Человек с чужим лицом — страница 40 из 46

Полураспавшиеся остовы, сквозь реберные клети которых виден был свет от факелов, и вполне еще свежие покойники, принадлежность коих к иному миру выдавала лишь их мертвенная бледность, нестройной толпой двинулись на пришельцев, нарушивших их покой. Тут и там слышался звук лопающихся бечевок, которыми они были прихвачены к домовинам в районе груди, и все новые бойцы вливались в ряды армии мертвых.

— Хоссподи, спаси и помилуй люди твоя… — испуганно закрестились в толпе.

Казалось, живые вот-вот бросятся в бегство пред лицом мертвых. Но, как часто бывает, страх вновь подстегнул людей, и самый отчаянный из них с размаху всадил вилы прямо в оскаленный череп ковылявшего в авангарде остова. Голова мертвеца так и осталась висеть на зубьях, словно кочан капусты, а тело продолжило свое поступательное движение как ни в чем не бывало. А вот живых будто прорвало. Горланящим человеческим стадом бросились они на мертвяков. Жестокие удары посыпались на несчастные остовы, которым не было покоя и после смерти, будто из рога изобилия. Озверевшие живые метелили мертвых дубинками, цепами, дрекольем. Будто овес молотили: со всей дури, в мах! Под тяжелыми палками — много ли надо тому, кто уже мертв! — с треском ломались ребра. Вдребезги разлетались черепа. Удары следовали один за другим, дюжина за дюжиной, но кадавры принимали их со слепым равнодушием неодушевленных предметов. Селяне раз за разом с чавканьем впечатывали свои орудия в гнилую плоть. По всему притвору раздавался душераздирающий хруст костей. Грудные клетки разлетались в труху под крепкими ударами. Ребра и тазовые кости превращались в месиво из осколков. Требуха из вспоротых вилами животов перепачкала пол и стены. Ходячие мертвецы сделались похожими на куски кровавого ростбифа, нашпигованные мелким костяным дробом. Эти бесформенные, но все еще шевелившиеся сгустки плоти снопами падали на пол и вскоре погребли под собой тело девушки, распятое на кресте. Однако почти тотчас же вслед за этим она почувствовала, что крысиные путы на руках и ногах ослабли. Цепочки из грызунов распались, животные на глазах теряли витальную силу, превращаясь в вялые мокрые комочки шерсти. Освобожденная, с трудом сбросив с себя пару мертвых тел, кое-как выбралась из-под завала. И тотчас же ее затылочная кость хрустнула под сокрушительным ударом: в нее угодила крепкая крестьянская дубинка. Пейзан принял перепачканную в крови и требухе девушку за ожившую покойницу.

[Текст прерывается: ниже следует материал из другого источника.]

lemma gain_cp_eq_walk_gain_cp: "gain_cp E mu i j = walk_gain_cp mu (shortest_path E (Inl i) (Inr j))"
  by (simp add: gain_cp_def walk_gain_cp_def mu_fwd_def mu_bwd_def Let_def)

lemma gain_cc_eq_walk_gain_cc:
  "gain_cc E mu i l = (if i = l then 1 else walk_gain_cc mu (shortest_path E (Inl i) (Inl l)))"
  by (simp add: gain_cc_def walk_gain_cc_def mu_fwd_def mu_bwd_def Let_def)

lemma prod_ratio_shift:
  fixes f g :: "nat \<Rightarrow> 'a::field"
  shows "f 1 * (\<Prod>k\<in>{1..n}. f (k + 1) / g k) = (\<Prod>k\<in>{1..n}. f k / g k) * f (n + 1)"
proof (induction n)
  case (Suc n)
  have "f 1 * (\<Prod>k\<in>{1..Suc n}. f (k + 1) / g k) = f 1 * (\<Prod>k\<in>{1..n}. f (k + 1) / g k) * (f (n + 2) / g (Suc n))"
    by (simp add: prod.cl_ivl_Suc mult_ac)
  also have "\<dots> = (\<Prod>k\<in>{1..Suc n}. f k / g k) * f (Suc n + 1)"
    using Suc by (simp add: prod.cl_ivl_Suc mult_ac divide_inverse)
  finally show ?case .
qed simp

lemma walk_gain_cp_snoc:
  assumes odd: "odd (length ps)" and last: "ps ! (length ps - 1) = Inl l"
  shows "walk_gain_cp mu (ps @ [Inr j]) = walk_gain_cc mu ps * mu l j"
proof -
  define q where "q = ps @ [Inr j]"
  from odd obtain m' where "length ps = 2 * m' + 1" by (rule oddE)
  then obtain m where m: "1 \<le> m" "length ps = 2 * m - 1" by (intro that[of "m' + 1"]) auto
  have lengths: "length q div 2 = m" "(length ps + 1) div 2 = m" using m unfolding q_def by auto
  have same: "mu_fwd mu q k = mu_fwd mu ps k" "mu_bwd mu q k = mu_bwd mu ps k" if "k \<in> {1..m - 1}" for k
    using that m unfolding mu_fwd_def mu_bwd_def q_def by (auto simp: nth_append)
  have new: "mu_fwd mu q (m - 1 + 1) = mu l j"
  proof -
    have "2 * (m - 1 + 1 - 1) = length ps - 1" "2 * (m - 1 + 1) - 1 = length ps" using m by auto
    moreover have "q ! (length ps - 1) = Inl l" using last m unfolding q_def by (auto simp: nth_append)
    ultimately show ?thesis unfolding mu_fwd_def q_def by simp
  qed
  have "walk_gain_cp mu q = (\<Prod>k\<in>{1..m - 1}. mu_fwd mu q k / mu_bwd mu q k) * mu_fwd mu q (m - 1 + 1)"
    unfolding walk_gain_cp_def lengths by (rule prod_ratio_shift)
  also have "(\<Prod>k\<in>{1..m - 1}. mu_fwd mu q k / mu_bwd mu q k) = walk_gain_cc mu ps"
    unfolding walk_gain_cc_def lengths using same by (intro prod.cong) auto
  finally show ?thesis using new unfolding q_def by simp
qed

Когда сознание к ней вернулось, она обнаружила, что ее куда-то тащат. В стороне маячило зарево пожара — то догорал притвор с мертвецами. А над нею нависала тень огромной крысы с длинной хищной мордой. От тени той отчетливо наносило запахом хлорной извести. Девушка немного успокоилась: мортус! Этот род служителей Смерти был ей хорошо знаком — в холерных губерниях они встречались в великом множестве. В их обязанности входила главным образом уборка трупов людей, умерших от заразы. Мортус медленно поводил клювом и шелестел промасленным балахоном, в который был облачен в целях защиты от холерных вибрионов, словно ворон крыльями.

Девушка осторожно повела плечами и обнаружила, что на них накинута та самая скатерть из асбеста, что так изумила гера Вениамина. Казалось, это было тысячу лет назад. Очевидно, находясь в полубессознательном состоянии, девица завернулась в нее, чтобы спастись от бушующего пламени. В таком виде и извлек ее из-под завалов трупов молчаливый мортус.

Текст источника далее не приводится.